* Exercise requirements
From the line with "then show False using meet_count_const[OF" through the final line, please write out the listing exactly, including both of those lines.

------------

definition strongly_regular ::
  "'a set \<Rightarrow> ('a \<Rightarrow> 'a \<Rightarrow> bool) \<Rightarrow> nat \<Rightarrow> nat \<Rightarrow> nat \<Rightarrow> nat \<Rightarrow> bool" where
  "strongly_regular V E nv k lam mu \<longleftrightarrow> is_graph V E \<and> card V = nv \<and>
     \<not> is_complete V E \<and> is_connected V E \<and>
     (\<forall>v\<in>V. card (nbrs V E v) = k) \<and>
     (\<forall>v\<in>V. \<forall>w\<in>V. E v w \<longrightarrow> card (nbrs V E v \<inter> nbrs V E w) = lam) \<and>
     (\<forall>v\<in>V. \<forall>w\<in>V. v \<noteq> w \<longrightarrow> \<not> E v w \<longrightarrow> card (nbrs V E v \<inter> nbrs V E w) = mu)"

definition srg_neumaier_params ::
  "'a set \<Rightarrow> ('a \<Rightarrow> 'a \<Rightarrow> bool) \<Rightarrow> nat \<Rightarrow> nat \<Rightarrow> nat \<Rightarrow> nat \<Rightarrow> nat \<Rightarrow> nat \<Rightarrow> bool" where
  "srg_neumaier_params V E nv k lam mu a c \<longleftrightarrow>
     strongly_regular V E nv k lam mu \<and> neumaier_params V E nv k lam a c"

definition tri_vertices :: "nat \<Rightarrow> nat set set" where
  "tri_vertices n = {S. S \<subseteq> {1..n} \<and> card S = 2}"

definition tri_adj :: "nat set \<Rightarrow> nat set \<Rightarrow> bool" where
  "tri_adj S T \<longleftrightarrow> S \<noteq> T \<and> S \<inter> T \<noteq> {}"

definition tri_compl_adj :: "nat set \<Rightarrow> nat set \<Rightarrow> bool" where
  "tri_compl_adj S T \<longleftrightarrow> S \<noteq> T \<and> \<not> tri_adj S T"

end

theory Submission
  imports Defs
begin

(* In the complement of T(n) a clique is a family C of pairwise disjoint pairs, and a pair T
   outside C is adjacent to exactly |C| - |T \<inter> \<Union>C| members of C.  Hence C is regular
   iff all pairs outside C meet \<Union>C in the same number of points.  For n >= 4 this forces C
   to be a perfect matching: for an uncovered point p, a covered point x and any third point u,
   the pair {p, x} meets \<Union>C once, whereas {x, u} meets it twice or {p, u} not at all.
   Then n = 2|C| and the nexus is |C| - 2.  Conversely, for even n a perfect matching is a
   regular clique, and the complement of T(n) is edge-regular. *)

lemma card_disjoint_members_add_card_Int_Union:
  assumes fin: "finite C" and disj: "pairwise disjnt C"
    and pairs: "\<And>S. S \<in> C \<Longrightarrow> card S = 2" and T: "card T = 2" "T \<notin> C"
  shows "card {S \<in> C. S \<inter> T = {}} + card (T \<inter> \<Union>C) = card C"
proof -
  have "finite T" using T by (metis card.infinite zero_neq_numeral)
  have meet: "card (T \<inter> S) = (if S \<inter> T \<noteq> {} then 1 else 0)" if "S \<in> C" for S
  proof -
    have "T \<inter> S \<noteq> T"
      using that T pairs[OF that] card_subset_eq[of S T]
      by (metis Int_lower2 card.infinite zero_neq_numeral)
    then have "card (T \<inter> S) < 2"
      using T \<open>finite T\<close> by (metis Int_lower1 card_seteq not_le)
    moreover have "card (T \<inter> S) = 0 \<longleftrightarrow> S \<inter> T = {}"
      using \<open>finite T\<close> by (auto simp: Int_commute)
    ultimately show ?thesis by auto
  qed
  have "card (T \<inter> \<Union>C) = card (\<Union>S\<in>C. T \<inter> S)"
    by (simp only: Int_Union)
  also have "\<dots> = (\<Sum>S\<in>C. card (T \<inter> S))"
    using fin disj \<open>finite T\<close> by (intro card_UN_disjoint) (auto simp: pairwise_def disjnt_def)
  also have "\<dots> = (\<Sum>S\<in>C. if S \<inter> T \<noteq> {} then 1 else 0)"
    using meet by (rule sum.cong[OF refl])
  also have "\<dots> = card {S \<in> C. S \<inter> T \<noteq> {}}"
    using fin by (simp only: sum.inter_filter[symmetric] card_eq_sum)
  finally have "card (T \<inter> \<Union>C) = card {S \<in> C. S \<inter> T \<noteq> {}}" .
  moreover have "card {S \<in> C. S \<inter> T = {}} + card {S \<in> C. S \<inter> T \<noteq> {}} = card C"
    using fin by (subst card_Un_disjoint[symmetric]) (auto intro: arg_cong[where f = card])
  ultimately show ?thesis by simp
qed

lemma doubleton_notin_disjoint_family:
  assumes "pairwise disjnt C" "S \<in> C" "x \<in> S" "u \<notin> S"
  shows "{x, u} \<notin> C"
proof
  assume "{x, u} \<in> C"
  moreover have "{x, u} \<noteq> S" using assms(4) by auto
  ultimately have "disjnt {x, u} S" using pairwiseD[OF assms(1)] assms(2) by blast
  then show False using assms(3) by (simp add: disjnt_def)
qed

lemma ex_in_atLeastAtMost_notin:
  fixes n :: nat
  assumes "finite A" "card A < n"
  obtains u where "u \<in> {1..n}" "u \<notin> A"
proof -
  have "\<not> {1..n} \<subseteq> A"
  proof
    assume "{1..n} \<subseteq> A"
    then have "card {1..n} \<le> card A" by (rule card_mono[OF assms(1)])
    then show False using assms(2) by simp
  qed
  then show ?thesis using that by blast
qed

lemma tri_compl_adj_iff: "tri_compl_adj S T \<longleftrightarrow> S \<noteq> T \<and> S \<inter> T = {}"
  unfolding tri_compl_adj_def tri_adj_def by auto

lemma finite_tri_vertices: "finite (tri_vertices n)"
  by (rule finite_subset[of _ "Pow {1..n}"]) (auto simp: tri_vertices_def)

lemma card_tri_vertices: "card (tri_vertices n) = n choose 2"
  using n_subsets[of "{1..n}" 2] by (simp add: tri_vertices_def)

lemma doubleton_in_tri_vertices:
  "x \<noteq> y \<Longrightarrow> x \<in> {1..n} \<Longrightarrow> y \<in> {1..n} \<Longrightarrow> {x, y} \<in> tri_vertices n"
  by (simp add: tri_vertices_def)

lemma is_graph_tri_compl: "is_graph (tri_vertices n) tri_compl_adj"
  unfolding is_graph_def tri_compl_adj_iff using finite_tri_vertices by auto

lemma not_complete_tri_compl:
  assumes "n \<ge> 3"
  shows "\<not> is_complete (tri_vertices n) tri_compl_adj"
proof
  assume "is_complete (tri_vertices n) tri_compl_adj"
  moreover have "{1, 2} \<in> tri_vertices n" "{1, 3} \<in> tri_vertices n"
    using assms by (auto intro!: doubleton_in_tri_vertices)
  moreover have "{1, 2} \<noteq> ({1, 3} :: nat set)"
    by (simp add: doubleton_eq_iff)
  ultimately have "tri_compl_adj {1, 2} {1, 3}"
    unfolding is_complete_def by simp
  then show False by (simp add: tri_compl_adj_iff)
qed

lemma nbrs_tri_compl:
  assumes "S \<in> tri_vertices n"
  shows "nbrs (tri_vertices n) tri_compl_adj S = {T. T \<subseteq> {1..n} - S \<and> card T = 2}"
proof -
  have "S \<noteq> {}" using assms by (auto simp: tri_vertices_def)
  then show ?thesis unfolding nbrs_def tri_compl_adj_iff tri_vertices_def by auto
qed

lemma edge_regular_tri_compl:
  "edge_regular (tri_vertices n) tri_compl_adj (n choose 2) ((n - 2) choose 2) ((n - 4) choose 2)"
proof -
  have card_diff: "card ({1..n} - A) = n - card A" if "A \<subseteq> {1..n}" for A
    using card_Diff_subset[OF finite_subset[OF that] that] by simp
  have degree: "card (nbrs (tri_vertices n) tri_compl_adj S) = (n - 2) choose 2"
    if "S \<in> tri_vertices n" for S
    using that n_subsets[of "{1..n} - S" 2] card_diff[of S]
    unfolding nbrs_tri_compl[OF that] by (simp add: tri_vertices_def)
  have common: "card (nbrs (tri_vertices n) tri_compl_adj S \<inter> nbrs (tri_vertices n) tri_compl_adj T)
      = (n - 4) choose 2"
    if "S \<in> tri_vertices n" "T \<in> tri_vertices n" "tri_compl_adj S T" for S T
  proof -
    have S: "card S = 2" "S \<subseteq> {1..n}" and T: "card T = 2" "T \<subseteq> {1..n}"
      using that(1,2) by (simp_all add: tri_vertices_def)
    moreover have "S \<inter> T = {}" using that(3) by (simp add: tri_compl_adj_iff)
    ultimately have "card (S \<union> T) = 4" "S \<union> T \<subseteq> {1..n}"
      using card_Un_disjoint[of S T] by (auto simp: card_ge_0_finite)
    moreover have "nbrs (tri_vertices n) tri_compl_adj S \<inter> nbrs (tri_vertices n) tri_compl_adj T
      = {B. B \<subseteq> {1..n} - (S \<union> T) \<and> card B = 2}"
      using that by (auto simp: nbrs_tri_compl)
    ultimately show ?thesis
      using n_subsets[of "{1..n} - (S \<union> T)" 2] card_diff[of "S \<union> T"] by simp
  qed
  show ?thesis
    unfolding edge_regular_def using is_graph_tri_compl card_tri_vertices degree common by blast
qed

lemma is_clique_tri_compl_iff:
  "is_clique (tri_vertices n) tri_compl_adj C \<longleftrightarrow>
     C \<noteq> {} \<and> C \<subseteq> tri_vertices n \<and> pairwise disjnt C"
  unfolding is_clique_def pairwise_def disjnt_def tri_compl_adj_iff by blast

lemma card_nbrs_Int_clique_tri_compl:
  assumes clique: "is_clique (tri_vertices n) tri_compl_adj C" and T: "T \<in> tri_vertices n - C"
  shows "card (nbrs (tri_vertices n) tri_compl_adj T \<inter> C) + card (T \<inter> \<Union>C) = card C"
proof -
  have C: "C \<subseteq> tri_vertices n" "pairwise disjnt C"
    using clique by (auto simp: is_clique_tri_compl_iff)
  then have "finite C" using finite_tri_vertices finite_subset by blast
  moreover have "card S = 2" if "S \<in> C" for S using that C(1) by (auto simp: tri_vertices_def)
  moreover have "card T = 2" "T \<notin> C" using T by (auto simp: tri_vertices_def)
  moreover have "nbrs (tri_vertices n) tri_compl_adj T \<inter> C = {S \<in> C. S \<inter> T = {}}"
    using C T by (auto simp: nbrs_def tri_compl_adj_iff)
  ultimately show ?thesis
    using card_disjoint_members_add_card_Int_Union[OF _ C(2)] by simp
qed

lemma card_Union_clique_tri_compl:
  assumes "is_clique (tri_vertices n) tri_compl_adj C"
  shows "card (\<Union>C) = 2 * card C"
proof -
  have C: "C \<subseteq> tri_vertices n" "pairwise disjnt C"
    using assms by (auto simp: is_clique_tri_compl_iff)
  then have "card (\<Union>C) = (\<Sum>S\<in>C. card S)"
    by (intro card_Union_disjoint) (auto simp: tri_vertices_def card_ge_0_finite)
  also have "\<dots> = (\<Sum>S\<in>C. 2)"
    using C by (intro sum.cong) (auto simp: tri_vertices_def)
  finally show ?thesis by simp
qed

lemma regular_clique_tri_compl_covers:
  assumes rc: "regular_clique (tri_vertices n) tri_compl_adj C a" and n: "n \<ge> 4"
  shows "\<Union>C = {1..n}"
proof (rule ccontr)
  have clique: "is_clique (tri_vertices n) tri_compl_adj C"
    using rc by (simp add: regular_clique_def)
  then have C: "C \<noteq> {}" "C \<subseteq> tri_vertices n" "pairwise disjnt C"
    by (auto simp: is_clique_tri_compl_iff)
  have meet_count_const: "card (T \<inter> \<Union>C) = card (T' \<inter> \<Union>C)"
    if "T \<in> tri_vertices n - C" "T' \<in> tri_vertices n - C" for T T'
    using rc that card_nbrs_Int_clique_tri_compl[OF clique]
    by (auto simp: regular_clique_def) (metis add_left_cancel)
  assume "\<Union>C \<noteq> {1..n}"
  moreover have "\<Union>C \<subseteq> {1..n}" using C by (auto simp: tri_vertices_def)
  ultimately obtain p where p: "p \<in> {1..n}" "p \<notin> \<Union>C" by blast
  obtain S where S: "S \<in> C" "S \<subseteq> {1..n}" "card S = 2"
    using C by (auto simp: tri_vertices_def)
  then obtain x where x: "x \<in> S" by fastforce
  have "finite S" using S(3) by (simp add: card_ge_0_finite)
  then have "finite (insert p S)" "card (insert p S) < n"
    using S(3) n by (simp_all add: card_insert_if)
  then obtain u where u: "u \<in> {1..n}" "u \<noteq> p" "u \<notin> S"
    by (rule ex_in_atLeastAtMost_notin) blast
  have x_covered: "x \<in> \<Union>C" and "p \<noteq> x" using S(1) x p by auto
  then have px: "{p, x} \<in> tri_vertices n - C" "card ({p, x} \<inter> \<Union>C) = 1"
    using p S x by (auto intro!: doubleton_in_tri_vertices)
  show False
  proof (cases "u \<in> \<Union>C")
    case True
    have "{x, u} \<in> tri_vertices n - C"
      using doubleton_notin_disjoint_family[OF C(3) S(1) x u(3)] S x u
      by (auto intro!: doubleton_in_tri_vertices)
    moreover have "card ({x, u} \<inter> \<Union>C) = 2"
      using True x_covered x u(3) by (auto simp: card_2_iff)
    ultimately show False using meet_count_const[OF px(1)] px(2) by fastforce
  next
    case False
    have "{p, u} \<in> tri_vertices n - C" "card ({p, u} \<inter> \<Union>C) = 0"
      using False p u by (auto intro!: doubleton_in_tri_vertices)
    then show False using meet_count_const[OF px(1)] px(2) by fastforce
  qed
qed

------------

* Answer section
    then show False using meet_count_const[OF px(1)] px(2) by fastforce
  qed
qed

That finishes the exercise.